Is it just me, or are there no proper closures in that example code?

Sean O'Halpin · Jul 26, 2006

You're mixing language semantics and implementation details here.

Click to expand...

[snip]
In some ways, you're right: implementation details are being mixed up
with language definition in the preceding list of features.

[snip]

Nope - there's no mix up. My point is that any feature of a language
that requires extra work
whether it be at compile time or run time incurs a cost. Those
features are generally there to make life easier for us programmers,
not the machine. The only way to make sure you're not paying that
price is to hand-code optimised machine code for a specific processor
and hardware context. No language translator can guarantee that it
will produce better code (regardless of the nonsense of the 'perfect
compiler').

Let me take two examples from my list. First, method lookup in OO
languages. There is no
way you can optimise this across the board to static jumps in a
language like Ruby or Smalltalk. There will always be the requirement
(imposed by the ~semantics~ of the language) to be able to find the
right method at runtime. This is part of the language design which
imposes constraints on the implementation that assembly languages (for
example) do not have to pay. There is a cost for abstraction (a cost
which I am willing to pay by the way). Of course, you can implement
virtual methods in assembly, but you don't ~have~ to. In Ruby there is
no choice. Everything is an object. (You can optimise most of it away,
but not all).

Second, closures:

Chad Perrin said:

A little extra memory usage does not translate directly to performance loss.

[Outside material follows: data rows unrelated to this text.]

(* Let $\tau_i$ be an HC task that switches to HC mode at time $t_i\le t$, and suppose $t-t_i<D_i-D_i^L$. Then no job of $\tau_i$ can generate a demand of $C_i^H$ time units in the interval $[0,t)$. Consequently, $\tau_i$ generates maximal demand during $[0,t)$ when its first job is released at time $0$ and all successive jobs are released as soon as possible (i.e. at times $kT_i$, $k=0,1,2,\dots$).
   Context: A mixed-criticality sporadic task is $\tau_i=(T_i,L_i,\{C_i^L,C_i^H\},D_i)$: jobs are released with minimum separation $T_i$, $L_i\in\{LC,HC\}$, $D_i\le T_i$ is the relative deadline, and $C_i^L<C_i^H$ for HC tasks. Each task has a tightened deadline $D_i^L\le D_i$. An HC task is in LC mode until the instant $t_i$ at which some job requests to execute for more than $C_i^L$; from then on it is in HC mode. While in LC mode, a job released at $r$ must receive $C_i^L$ time units by $r+D_i^L$; once the task is in HC mode, a job may require up to $C_i^H$ units in total, to be received by its actual deadline $r+D_i$ (in particular a job can require $C_i^H$ only if it has not completed its LC-mode obligation before $t_i$, i.e. $r+D_i^L\ge t_i$). The demand of a task during $[0,t)$ is the amount of execution that must be completed within $[0,t)$ in order to meet all of its deadlines that fall in $[0,t)$; execution with deadline after $t$ contributes no demand. "Maximal demand" is over all legal release sequences (minimum separation $T_i$) and all legal execution behaviours. *)

theory Defs
  imports Main "HOL.Real"
begin

text \<open>An HC task tau_i with period T, relative deadline D, tightened deadline DL,
  budgets CL < CH.  Time is real-valued.  Finite release
  sequences are covered since later jobs may be released arbitrarily late.\<close>

definition legal_release :: "real \<Rightarrow> (nat \<Rightarrow> real) \<Rightarrow> bool" where
  "legal_release T r \<longleftrightarrow> 0 \<le> r 0 \<and> (\<forall>k. r k + T \<le> r (Suc k))"

text \<open>An execution behaviour c gives the total execution requested by each job.\<close>

definition legal_behaviour ::
  "real \<Rightarrow> real \<Rightarrow> real \<Rightarrow> real \<Rightarrow> (nat \<Rightarrow> real) \<Rightarrow> (nat \<Rightarrow> real) \<Rightarrow> bool" where
  "legal_behaviour DL CL CH ti r c \<longleftrightarrow>
     (\<forall>k. 0 \<le> c k \<and> c k \<le> CH \<and> (r k + DL < ti \<longrightarrow> c k \<le> CL))"

definition job_demand ::
  "real \<Rightarrow> real \<Rightarrow> real \<Rightarrow> (nat \<Rightarrow> real) \<Rightarrow> (nat \<Rightarrow> real) \<Rightarrow> real \<Rightarrow> nat \<Rightarrow> real" where
  "job_demand D DL ti r c t k =
     (if r k + DL < ti then (if r k + DL \<le> t then c k else 0)
      else (if r k + D \<le> t then c k else 0))"

definition task_demand ::
  "real \<Rightarrow> real \<Rightarrow> real \<Rightarrow> (nat \<Rightarrow> real) \<Rightarrow> (nat \<Rightarrow> real) \<Rightarrow> real \<Rightarrow> real" where
  "task_demand D DL ti r c t = (\<Sum>k\<in>{k. r k < t}. job_demand D DL ti r c t k)"

end

theory Submission
  imports Defs
begin

text \<open>Since t - ti < D - DL, a job whose LC obligation ends at or after the switch
  (r k + DL \<ge> ti) has its HC deadline r k + D > t, so it contributes no demand in [0,t).
  Only jobs that finish their LC obligation before ti contribute, each at most CL < CH.
  The demand is thus at most CL times the number of releases with r k + DL < ti, and since
  the k-th release is never earlier than k T, this number is largest for the synchronous
  release sequence k T in which every job requests exactly CL.\<close>

lemma legal_release_ge_multiple:
  assumes "legal_release T r"
  shows "real k * T \<le> r k"
proof (induction k)
  case 0
  then show ?case using assms by (simp add: legal_release_def)
next
  case (Suc k)
  have "r k + T \<le> r (Suc k)" using assms by (simp add: legal_release_def)
  then show ?case using Suc by (simp add: algebra_simps)
qed

lemma legal_release_multiples:
  assumes "0 \<le> T"
  shows "legal_release T (\<lambda>k. real k * T)"
  using assms by (simp add: legal_release_def algebra_simps)

lemma finite_multiples_less:
  assumes "0 < (T::real)"
  shows "finite {k. real k * T < x}"
proof (rule finite_subset)
  show "{k. real k * T < x} \<subseteq> {..nat \<lceil>x / T\<rceil>}"
  proof
    fix k
    assume "k \<in> {k. real k * T < x}"
    then have "real k < x / T"
      using assms by (simp add: field_simps)
    then show "k \<in> {..nat \<lceil>x / T\<rceil>}"
      by simp linarith
  qed
qed simp

lemma finite_released_before:
  assumes "0 < T" and "legal_release T r"
  shows "finite {k. r k < x}"
proof (rule finite_subset)
  show "{k. r k < x} \<subseteq> {k. real k * T < x}"
    using legal_release_ge_multiple[OF assms(2)] by (auto intro: le_less_trans)
qed (rule finite_multiples_less[OF assms(1)])

lemma job_demand_short_window:
  assumes "ti \<le> t" and "t - ti < D - DL"
  shows "job_demand D DL ti r c t k = (if r k + DL < ti then c k else 0)"
  using assms by (auto simp: job_demand_def)

lemma job_demand_less_CH:
  assumes "ti \<le> t" and "t - ti < D - DL"
    and "legal_behaviour DL CL CH ti r c" and "0 \<le> CL" and "CL < CH"
  shows "job_demand D DL ti r c t k < CH"
  using assms by (auto simp: job_demand_short_window legal_behaviour_def)

lemma task_demand_short_window:
  assumes "finite {k. r k < t}" and "0 \<le> DL" and "ti \<le> t" and "t - ti < D - DL"
  shows "task_demand D DL ti r c t = (\<Sum>k | r k + DL < ti. c k)"
proof -
  have "task_demand D DL ti r c t =
      (\<Sum>k\<in>{k. r k < t}. if k \<in> {k. r k + DL < ti} then c k else 0)"
    using assms by (simp add: task_demand_def job_demand_short_window)
  also have "\<dots> = (\<Sum>k\<in>{k. r k < t} \<inter> {k. r k + DL < ti}. c k)"
    by (rule sum.inter_restrict[symmetric, OF assms(1)])
  also have "{k. r k < t} \<inter> {k. r k + DL < ti} = {k. r k + DL < ti}"
    using assms(2,3) by auto
  finally show ?thesis .
qed

lemma task_demand_le_synchronous:
  assumes "0 < T" and "0 \<le> DL" and "ti \<le> t" and "t - ti < D - DL" and "0 \<le> CL"
    and "legal_release T r" and "legal_behaviour DL CL CH ti r c"
  shows "task_demand D DL ti r c t \<le> task_demand D DL ti (\<lambda>k. real k * T) (\<lambda>_. CL) t"
proof -
  have early_jobs_sub: "{k. r k + DL < ti} \<subseteq> {k. real k * T + DL < ti}"
    using legal_release_ge_multiple[OF assms(6)] by (auto intro: le_less_trans add_right_mono)
  have finite_sync_early_jobs: "finite {k. real k * T + DL < ti}"
    using finite_multiples_less[OF assms(1), of "ti - DL"] by (simp add: less_diff_eq)
  have "task_demand D DL ti r c t = (\<Sum>k | r k + DL < ti. c k)"
    using assms by (simp add: task_demand_short_window finite_released_before)
  also have "\<dots> \<le> (\<Sum>k | r k + DL < ti. CL)"
    using assms(7) by (intro sum_mono) (auto simp: legal_behaviour_def)
  also have "\<dots> \<le> (\<Sum>k | real k * T + DL < ti. CL)"
    using assms(5) by (intro sum_mono2[OF finite_sync_early_jobs early_jobs_sub])
  also have "\<dots> = task_demand D DL ti (\<lambda>k. real k * T) (\<lambda>_. CL) t"
    using assms by (simp add: task_demand_short_window finite_released_before
        legal_release_multiples)
  finally show ?thesis .
qed

theorem lemma2:
  fixes T D DL CL CH ti t :: real
  assumes "0 < T" and "0 < DL" and "DL \<le> D" and "D \<le> T"
    and "0 \<le> CL" and "CL < CH"
    and "0 \<le> ti" and "ti \<le> t" and "t - ti < D - DL"
  shows "(\<forall>r c k. legal_release T r \<longrightarrow> legal_behaviour DL CL CH ti r c \<longrightarrow>
              job_demand D DL ti r c t k < CH)
      \<and> (\<exists>c0. legal_behaviour DL CL CH ti (\<lambda>k. real k * T) c0 \<and>
              (\<forall>r c. legal_release T r \<longrightarrow> legal_behaviour DL CL CH ti r c \<longrightarrow>
                 task_demand D DL ti r c t \<le> task_demand D DL ti (\<lambda>k. real k * T) c0 t))"
proof (intro conjI allI impI exI)
  show "job_demand D DL ti r c t k < CH" if "legal_behaviour DL CL CH ti r c" for r c k
    using job_demand_less_CH assms that by blast
  show "legal_behaviour DL CL CH ti (\<lambda>k. real k * T) (\<lambda>_. CL)"
    using assms by (simp add: legal_behaviour_def)
  show "task_demand D DL ti r c t \<le> task_demand D DL ti (\<lambda>k. real k * T) (\<lambda>_. CL) t"
    if "legal_release T r" and "legal_behaviour DL CL CH ti r c" for r c
    using task_demand_le_synchronous assms that by simp
qed

end
(* Fix $n\geq1$. Let $\alpha>\beta>0$ and $\delta>0$. Let $\mu$ be a Borel probability measure on $B(0,1)\subset\mathbb R^n$ such that for $j=1,\dots,n$, \[\sup_{a\in\mathbb R}\mu\{x: x^j\in B_{\mathbb R}(a,\delta)\}\leq\delta^{\alpha}.\] Let $K>2$ and let $\nu$ be a Borel probability measure supported in $B(0,K)$ such that \[\int_{B(0,2\delta^{-1})}|\hat\nu(\xi)|\,d\xi\leq\delta^{-\beta}.\] Then there is a constant $c$ depending only on $K$ and $n$ such that for all $\xi\in\mathbb R^n$ with $\|\xi\|\in[\delta^{-1}/2,\delta^{-1}]$, \[\int|\hat\nu(x\xi)|\,d\mu(x)\leq c\,\delta^{\frac{\alpha-\beta}{n+2}}.\]
   Context: $\mathbb R^n$ carries the standard scalar product, Euclidean norm and coordinatewise multiplication ($x\xi=(x^1\xi^1,\dots,x^n\xi^n)$). $\hat\nu(\xi)=\int e^{2i\pi\langle\xi,x\rangle}d\nu(x)$. $B(0,r)$ is the closed Euclidean ball and $B_{\mathbb R}(a,\delta)=[a-\delta,a+\delta]$. *)

theory Defs
  imports "HOL-Analysis.Analysis" "HOL-Probability.Probability"
begin

definition fourier_meas :: "(real^'n) measure \<Rightarrow> real^'n \<Rightarrow> complex" where
  "fourier_meas nu \<xi> = (\<integral>x. cis (2 * pi * (\<xi> \<bullet> x)) \<partial>nu)"

definition coord_mult :: "real^'n \<Rightarrow> real^'n \<Rightarrow> real^'n" where
  "coord_mult x \<xi> = (\<chi> i. x $ i * \<xi> $ i)"

end

theory Submission
  imports Defs
begin

text \<open>
  Since \<open>\<nu>\<close> lives in \<open>B(0,K)\<close>, \<open>|\<nu>^|\<close> is \<open>2\<pi>K\<close>-Lipschitz, so \<open>|\<nu>^(x\<xi>)|\<close> is at most the
  average of \<open>|\<nu>^|\<close> over the ball \<open>B(x\<xi>, r)\<close> plus \<open>2\<pi>Kr\<close>. Integrate in \<open>x\<close> and swap the
  integrals: a frequency \<open>z\<close> is seen only by those \<open>x\<close> with \<open>|x\<^sup>j\<xi>\<^sup>j - z\<^sup>j| \<le> r\<close>, where \<open>j\<close> is
  a coordinate with \<open>|\<xi>\<^sup>j| \<ge> |\<xi>|/n\<close>. For \<open>r \<le> \<delta>|\<xi>\<^sup>j|\<close> this is a slab of width \<open>2\<delta>\<close> in the
  \<open>j\<close>-th coordinate, of \<open>\<mu>\<close>-mass at most \<open>\<delta>\<^sup>\<alpha>\<close>, and all such \<open>z\<close> lie in \<open>B(0, 2/\<delta>)\<close>. Hence the
  integral is at most \<open>\<delta>\<^sup>\<alpha>\<delta>\<^sup>-\<^sup>\<beta> / vol B(0,r) + 2\<pi>Kr\<close>, and \<open>r = \<delta>\<^sup>\<gamma>/(2n)\<close> with
  \<open>\<gamma> = (\<alpha>-\<beta>)/(n+2)\<close> makes both terms \<open>O(\<delta>\<^sup>\<gamma>)\<close>. For \<open>\<delta> > 1\<close> the bound \<open>|\<nu>^| \<le> 1\<close> suffices.
\<close>

lemma cmod_cis_diff_le: "cmod (cis a - cis b) \<le> \<bar>a - b\<bar>"
proof -
  have "cis a - cis b = cis b * (cis (a - b) - 1)"
    by (simp add: algebra_simps cis_mult)
  moreover have "cmod (cis (a - b) - 1) \<le> \<bar>a - b\<bar>"
    using iexp_approx1[of "a - b" 0] by (simp add: cis_conv_exp)
  ultimately show ?thesis
    by (simp add: norm_mult)
qed

lemma integrable_cis_inner:
  fixes \<nu> :: "'a::euclidean_space measure"
  assumes "finite_measure \<nu>" "sets \<nu> = sets borel"
  shows "integrable \<nu> (\<lambda>x. cis (2 * pi * (\<xi> \<bullet> x)))"
proof -
  interpret finite_measure \<nu> by fact
  have "(\<lambda>x. cis (2 * pi * (\<xi> \<bullet> x))) \<in> borel_measurable \<nu>"
    unfolding measurable_cong_sets[OF assms(2) refl]
    by (intro borel_measurable_continuous_onI continuous_intros)
  then show ?thesis
    by (intro integrable_const_bound[where B=1]) auto
qed

lemma norm_fourier_meas_le_1:
  assumes "prob_space \<nu>" "sets \<nu> = sets borel"
  shows "cmod (fourier_meas \<nu> \<xi>) \<le> 1"
proof -
  interpret prob_space \<nu> by fact
  have "cmod (fourier_meas \<nu> \<xi>) \<le> (\<integral>x. cmod (cis (2 * pi * (\<xi> \<bullet> x))) \<partial>\<nu>)"
    unfolding fourier_meas_def by (rule integral_norm_bound)
  then show ?thesis
    by (simp add: prob_space)
qed

lemma lipschitz_fourier_meas:
  assumes \<nu>: "prob_space \<nu>" "sets \<nu> = sets borel" "measure \<nu> (cball 0 K) = 1"
  shows "(2 * pi * K)-lipschitz_on UNIV (fourier_meas \<nu>)"
proof (rule lipschitz_onI)
  interpret prob_space \<nu> by fact
  have "cball 0 K \<noteq> {}"
    using \<nu>(3) by auto
  then show K: "0 \<le> 2 * pi * K"
    by simp
  fix \<xi> \<eta> :: "real^'a"
  have "dist (fourier_meas \<nu> \<xi>) (fourier_meas \<nu> \<eta>)
      = cmod (\<integral>x. cis (2 * pi * (\<xi> \<bullet> x)) - cis (2 * pi * (\<eta> \<bullet> x)) \<partial>\<nu>)"
    unfolding fourier_meas_def dist_norm
    using integrable_cis_inner[OF finite_measure_axioms \<nu>(2)] by simp
  also have "\<dots> \<le> (\<integral>x. cmod (cis (2 * pi * (\<xi> \<bullet> x)) - cis (2 * pi * (\<eta> \<bullet> x))) \<partial>\<nu>)"
    by (rule integral_norm_bound)
  also have "\<dots> \<le> 2 * pi * K * dist \<xi> \<eta>"
  proof (rule integral_le_const)
    show "AE x in \<nu>. cmod (cis (2 * pi * (\<xi> \<bullet> x)) - cis (2 * pi * (\<eta> \<bullet> x))) \<le> 2 * pi * K * dist \<xi> \<eta>"
      using AE_prob_1[OF \<nu>(3)]
    proof eventually_elim
      case (elim x)
      have "cmod (cis (2 * pi * (\<xi> \<bullet> x)) - cis (2 * pi * (\<eta> \<bullet> x)))
          \<le> \<bar>2 * pi * (\<xi> \<bullet> x) - 2 * pi * (\<eta> \<bullet> x)\<bar>"
        by (rule cmod_cis_diff_le)
      also have "\<dots> = 2 * pi * \<bar>(\<xi> - \<eta>) \<bullet> x\<bar>"
        by (simp add: inner_diff_left abs_mult flip: right_diff_distrib)
      also have "\<dots> \<le> 2 * pi * (dist \<xi> \<eta> * K)"
        using elim Cauchy_Schwarz_ineq2[of "\<xi> - \<eta>" x]
          mult_left_mono[of "norm x" K "norm (\<xi> - \<eta>)"]
        by (simp add: dist_norm)
      finally show ?case
        by (simp add: algebra_simps)
    qed
  qed (use integrable_cis_inner[OF finite_measure_axioms \<nu>(2)] in simp)
  finally show "dist (fourier_meas \<nu> \<xi>) (fourier_meas \<nu> \<eta>) \<le> 2 * pi * K * dist \<xi> \<eta>" .
qed

lemma lipschitz_norm_fourier_meas:
  assumes "prob_space \<nu>" "sets \<nu> = sets borel" "measure \<nu> (cball 0 K) = 1"
  shows "(2 * pi * K)-lipschitz_on UNIV (\<lambda>\<xi>. cmod (fourier_meas \<nu> \<xi>))"
proof -
  have "1-lipschitz_on (range (fourier_meas \<nu>)) cmod"
    by (rule lipschitz_onI) (auto simp: dist_norm norm_triangle_ineq3)
  from lipschitz_on_compose2[OF lipschitz_fourier_meas[OF assms] this] show ?thesis
    by simp
qed

lemma lipschitz_le_ball_average:
  fixes f :: "'a::euclidean_space \<Rightarrow> real"
  assumes lip: "L-lipschitz_on UNIV f" and nonneg: "\<And>z. 0 \<le> f z"
  shows "ennreal (f y) * emeasure lborel (cball y r)
    \<le> (\<integral>\<^sup>+z\<in>cball y r. f z \<partial>lborel) + ennreal (L * r) * emeasure lborel (cball y r)"
proof -
  have [measurable]: "f \<in> borel_measurable borel"
    using lipschitz_on_continuous_on[OF lip] by (rule borel_measurable_continuous_onI)
  have "ennreal (f y) * emeasure lborel (cball y r) = (\<integral>\<^sup>+z\<in>cball y r. f y \<partial>lborel)"
    by (simp add: nn_integral_cmult_indicator)
  also have "\<dots> \<le> (\<integral>\<^sup>+z\<in>cball y r. ennreal (f z) + ennreal (L * r) \<partial>lborel)"
  proof (intro nn_integral_mono)
    fix z
    show "ennreal (f y) * indicator (cball y r) z
        \<le> (ennreal (f z) + ennreal (L * r)) * indicator (cball y r) z"
    proof (cases "z \<in> cball y r")
      case True
      then have "f y \<le> f z + L * r"
        using lipschitz_onD[OF lip, of y z] mult_left_mono[of "dist y z" r L] lipschitz_on_nonneg[OF lip]
        by (simp add: dist_real_def abs_le_iff)
      then have "ennreal (f y) \<le> ennreal (f z + L * r)"
        by (rule ennreal_leI)
      moreover have "0 \<le> L * r"
        using True lipschitz_on_nonneg[OF lip] zero_le_dist[of y z] by (simp del: zero_le_dist)
      ultimately show ?thesis
        using True nonneg[of z] by (simp add: ennreal_plus)
    qed simp
  qed
  also have "\<dots> = (\<integral>\<^sup>+z\<in>cball y r. f z \<partial>lborel) + ennreal (L * r) * emeasure lborel (cball y r)"
    by (simp add: nn_set_integral_add nn_integral_cmult_indicator)
  finally show ?thesis .
qed

lemma nn_set_integral_eq_set_integral_compact:
  fixes f :: "'a::euclidean_space \<Rightarrow> real"
  assumes "compact S" "continuous_on S f" "\<And>x. x \<in> S \<Longrightarrow> 0 \<le> f x"
  shows "(\<integral>\<^sup>+x\<in>S. f x \<partial>lborel) = ennreal (\<integral>x\<in>S. f x \<partial>lborel)"
proof -
  have "integrable lborel (\<lambda>x. indicator S x *\<^sub>R f x)"
    using assms(1,2) by (rule borel_integrable_compact)
  then show ?thesis
    unfolding set_lebesgue_integral_def
    by (subst nn_integral_eq_integral[symmetric])
      (auto intro!: nn_integral_cong simp: assms(3) split: split_indicator)
qed

lemma powr_div_power_powr_le:
  fixes \<delta> \<gamma> c :: real
  assumes "0 < \<delta>" "\<delta> \<le> 1" "0 \<le> \<gamma>" "0 < c"
  shows "\<delta> powr ((real n + 2) * \<gamma>) / (\<delta> powr \<gamma> / c) ^ n \<le> c ^ n * \<delta> powr \<gamma>"
proof -
  have "(\<delta> powr \<gamma> / c) ^ n = \<delta> powr (n * \<gamma>) / c ^ n"
    using assms by (simp add: power_divide powr_powr mult.commute flip: powr_realpow)
  moreover have "\<delta> powr ((real n + 2) * \<gamma>) = \<delta> powr (n * \<gamma>) * \<delta> powr (2 * \<gamma>)"
    by (simp add: algebra_simps flip: powr_add)
  ultimately have "\<delta> powr ((real n + 2) * \<gamma>) / (\<delta> powr \<gamma> / c) ^ n = c ^ n * \<delta> powr (2 * \<gamma>)"
    using assms by simp
  also have "\<dots> \<le> c ^ n * \<delta> powr \<gamma>"
    using assms by (intro mult_left_mono powr_mono') auto
  finally show ?thesis .
qed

Coming from a background where I had to make everything happen in 48K,
I have to disagree. And it's not always just 'a little extra memory
usage'. Careless use of closures can cripple an application. See the
problems the Rails team encountered.

Charles - you say that closures are explicit - I beg to differ. By
definition, they are surely implicit. Doesn't your argument that they
can be simulated by other means contradict your statement?

As for the notion that a hardware YARV processor would make a
difference - how would that ameliorate the issues Ruby has with memory
usage? Performance isn't just about time - space also matters.

I am surprised that you think I am confusing language features with
implementation details. From my point of view, it is you who are
ignoring the fact that abstractions incur a cost.

Best regards (I'm enjoying this discussion BTW

Sean

Sean O'Halpin · Jul 26, 2006

implemented. For example, Ruby has real closures, Python doesn't. I

Click to expand...

Even if OT, just for the sake of correctness: let me remark that Python
does have closures. Local functions (ones defined within another
function's body) are scoped lexically.

It's just sort of an anti-POLA (and inconvenient, as-is) piece of
semantics that variables get reinitalized upon assignment.

Hence:

def foo():
x = 5
def bar():
x = 6
return x
bar()
return x, bar

x, bar = foo()
print x, bar() ==> 5 6

def foo():
_x = [5]
def bar():
_x[0] = 6
return _x[0]
bar()
return _x[0], bar

x, bar = foo()
print x, bar() ==> 6 6

Click to expand...

Is it just me, or are there no proper closures in that example code?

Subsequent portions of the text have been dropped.